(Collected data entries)
↓↓↓

lemma closed_unit_simplex: "closed (unit_simplex :: (real^'m::finite) set)"
proof -
  have "unit_simplex = (\<Inter>i. {w::real^'m. 0 \<le> w $ i}) \<inter> {w. (\<Sum>i\<in>UNIV. w $ i) = 1}"
    unfolding unit_simplex_def by blast
  moreover have "closed {w::real^'m. 0 \<le> w $ i}" for i
    by (intro closed_Collect_le continuous_intros)
  moreover have "closed {w::real^'m. (\<Sum>i\<in>UNIV. w $ i) = 1}"
    by (intro closed_Collect_eq continuous_intros)
  ultimately show ?thesis by (metis closed_INT closed_Int)
qed

lemma bounded_unit_simplex: "bounded (unit_simplex :: (real^'m::finite) set)"
  unfolding bounded_iff
proof (intro exI ballI)
  fix w :: "real^'m" assume "w \<in> unit_simplex"
  then show "norm w \<le> 1"
    using norm_le_l1_cart[of w] by (simp add: unit_simplex_def)
qed

lemma compact_unit_simplex: "compact (unit_simplex :: (real^'m::finite) set)"
  using closed_unit_simplex bounded_unit_simplex by (auto simp: compact_eq_bounded_closed)

lemma convex_unit_simplex: "convex (unit_simplex :: (real^'m::finite) set)"
  unfolding convex_def unit_simplex_def
  by (simp add: sum.distrib sum_distrib_left[symmetric])

lemma inner_unit_simplex_between:
  fixes w p :: "real^'m::finite"
  assumes w: "w \<in> unit_simplex" and bounds: "\<And>i. lo \<le> p $ i" "\<And>i. p $ i \<le> hi"
  shows "lo \<le> w \<bullet> p" "w \<bullet> p \<le> hi"
proof -
  have w0: "0 \<le> w $ i" for i using w by (simp add: unit_simplex_def)
  have w1: "(\<Sum>i\<in>UNIV. w $ i) = 1" using w by (simp add: unit_simplex_def)
  have "lo = (\<Sum>i\<in>UNIV. w $ i * lo)" using w1 by (simp add: sum_distrib_right[symmetric])
  also have "\<dots> \<le> (\<Sum>i\<in>UNIV. w $ i * p $ i)"
    by (intro sum_mono mult_left_mono bounds w0)
  finally show "lo \<le> w \<bullet> p" by (simp add: inner_vec_def)
  have "(\<Sum>i\<in>UNIV. w $ i * p $ i) \<le> (\<Sum>i\<in>UNIV. w $ i * hi)"
    by (intro sum_mono mult_left_mono bounds w0)
  also have "\<dots> = hi" using w1 by (simp add: sum_distrib_right[symmetric])
  finally show "w \<bullet> p \<le> hi" by (simp add: inner_vec_def)
qed

definition sq_neg_ln :: "real \<Rightarrow> real" where
  "sq_neg_ln s = s\<^sup>2 * - ln s"

lemma has_real_derivative_sq_neg_ln:
  "s > 0 \<Longrightarrow> (sq_neg_ln has_real_derivative (s * (-2 * ln s - 1))) (at s)"
  unfolding sq_neg_ln_def
  by (auto intro!: derivative_eq_intros simp: algebra_simps power2_eq_square)

lemma sq_neg_ln_mono:
  assumes "0 < a" "a \<le> b" "b \<le> exp (-1/2)"
  shows "sq_neg_ln a \<le> sq_neg_ln b"
proof (rule DERIV_nonneg_imp_nondecreasing[OF assms(2)])
  fix x assume x: "a \<le> x" "x \<le> b"
  then have "x > 0" "ln x \<le> -1/2"
    using assms ln_le_cancel_iff[of x "exp (-1/2)"] by auto
  then show "\<exists>y. DERIV sq_neg_ln x :> y \<and> 0 \<le> y"
    using has_real_derivative_sq_neg_ln by force
qed

lemma sq_neg_ln_antimono:
  assumes "exp (-1/2) \<le> a" "a \<le> b"
  shows "sq_neg_ln b \<le> sq_neg_ln a"
proof -
  have "- sq_neg_ln a \<le> - sq_neg_ln b"
  proof (rule DERIV_nonneg_imp_nondecreasing[OF assms(2)])
    fix x assume x: "a \<le> x" "x \<le> b"
    have "0 < exp (-1/2::real)" by simp
    then have "x > 0" using x assms by linarith
    then have "-1/2 \<le> ln x"
      using x assms ln_le_cancel_iff[of "exp (-1/2)" x] by simp
    then have "x * (-2 * ln x - 1) \<le> 0"
      using \<open>x > 0\<close> by (intro mult_nonneg_nonpos) auto
    then have "0 \<le> - (x * (-2 * ln x - 1))" by simp
    then show "\<exists>y. DERIV (\<lambda>x. - sq_neg_ln x) x :> y \<and> 0 \<le> y"
      using DERIV_minus[OF has_real_derivative_sq_neg_ln[OF \<open>x > 0\<close>]] by blast
  qed
  then show ?thesis by simp
qed

lemma exp_neg_half_ge_half: "1/2 \<le> exp (-1/2::real)"
  using exp_ge_add_one_self[of "-1/2::real"] by simp

lemma neg_mult_ln_le_exp_neg_one:
  assumes "(s::real) > 0"
  shows "- (s * ln s) \<le> exp (-1)"
proof -
  have "ln (1 / (s * exp 1)) \<le> 1 / (s * exp 1) - 1"
    using assms by (intro ln_le_minus_one) auto
  then have "- ln s \<le> 1 / (s * exp 1)" using assms by (simp add: ln_div ln_mult)
  then have "s * - ln s \<le> s * (1 / (s * exp 1))" using assms by (intro mult_left_mono) auto
  then show ?thesis using assms by (simp add: exp_minus field_simps)
qed

lemma sq_neg_ln_le_reflect:
  assumes "0 < t" "t \<le> 1/2"
  shows "sq_neg_ln t \<le> sq_neg_ln (1 - t)"
proof (cases "t \<le> 1 - exp (-1/2)")
  case True
  txt \<open>Here \<open>(1 - t)\<^sup>2 \<ge> e\<^sup>-\<^sup>1\<close>, and \<open>e\<^sup>-\<^sup>1\<close> bounds \<open>-t ln t\<close> while \<open>t\<close> bounds \<open>-ln (1 - t)\<close>.\<close>
  have "exp (-1) = (exp (-1/2::real))\<^sup>2" by (simp add: power2_eq_square exp_add[symmetric])
  also have "\<dots> \<le> (1 - t)\<^sup>2" using True by (intro power_mono) auto
  finally have e: "exp (-1) \<le> (1 - t)\<^sup>2" .
  have "ln (1 - t) \<le> (1 - t) - 1" using assms by (intro ln_le_minus_one) auto
  then have l: "t \<le> - ln (1 - t)" by simp
  have "sq_neg_ln t = t * - (t * ln t)" by (simp add: sq_neg_ln_def power2_eq_square)
  also have "\<dots> \<le> t * exp (-1)"
    using neg_mult_ln_le_exp_neg_one[OF assms(1)] assms by (intro mult_left_mono) auto
  also have "\<dots> \<le> (1 - t)\<^sup>2 * t" using e assms by (simp add: mult.commute mult_left_mono)
  also have "\<dots> \<le> sq_neg_ln (1 - t)"
    unfolding sq_neg_ln_def using l by (intro mult_left_mono) auto
  finally show ?thesis .
next
  case False
  then show ?thesis using assms by (intro sq_neg_ln_mono) auto
qed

↑↑↑

» ACTION ITEM
Begin at the top of the records above and quote each line exactly, ending with the line that contains "by (intro closed_Collect_eq".

» OUTPUT OF THE TASK
lemma closed_unit_simplex: "closed (unit_simplex :: (real^'m::finite) set)"
proof -
  have "unit_simplex = (\<Inter>i. {w::real^'m. 0 \<le> w $ i}) \<inter> {w. (\<Sum>i\<in>UNIV. w $ i) = 1}"
    unfolding unit_simplex_def by blast
  moreover have "closed {w::real^'m. 0 \<le> w $ i}" for i
    by (intro closed_Collect_le continuous_intros)
  moreover have "closed {w::real^'m. (\<Sum>i\<in>UNIV. w $ i) = 1}"
    by (intro closed_Collect_eq continuous_intros)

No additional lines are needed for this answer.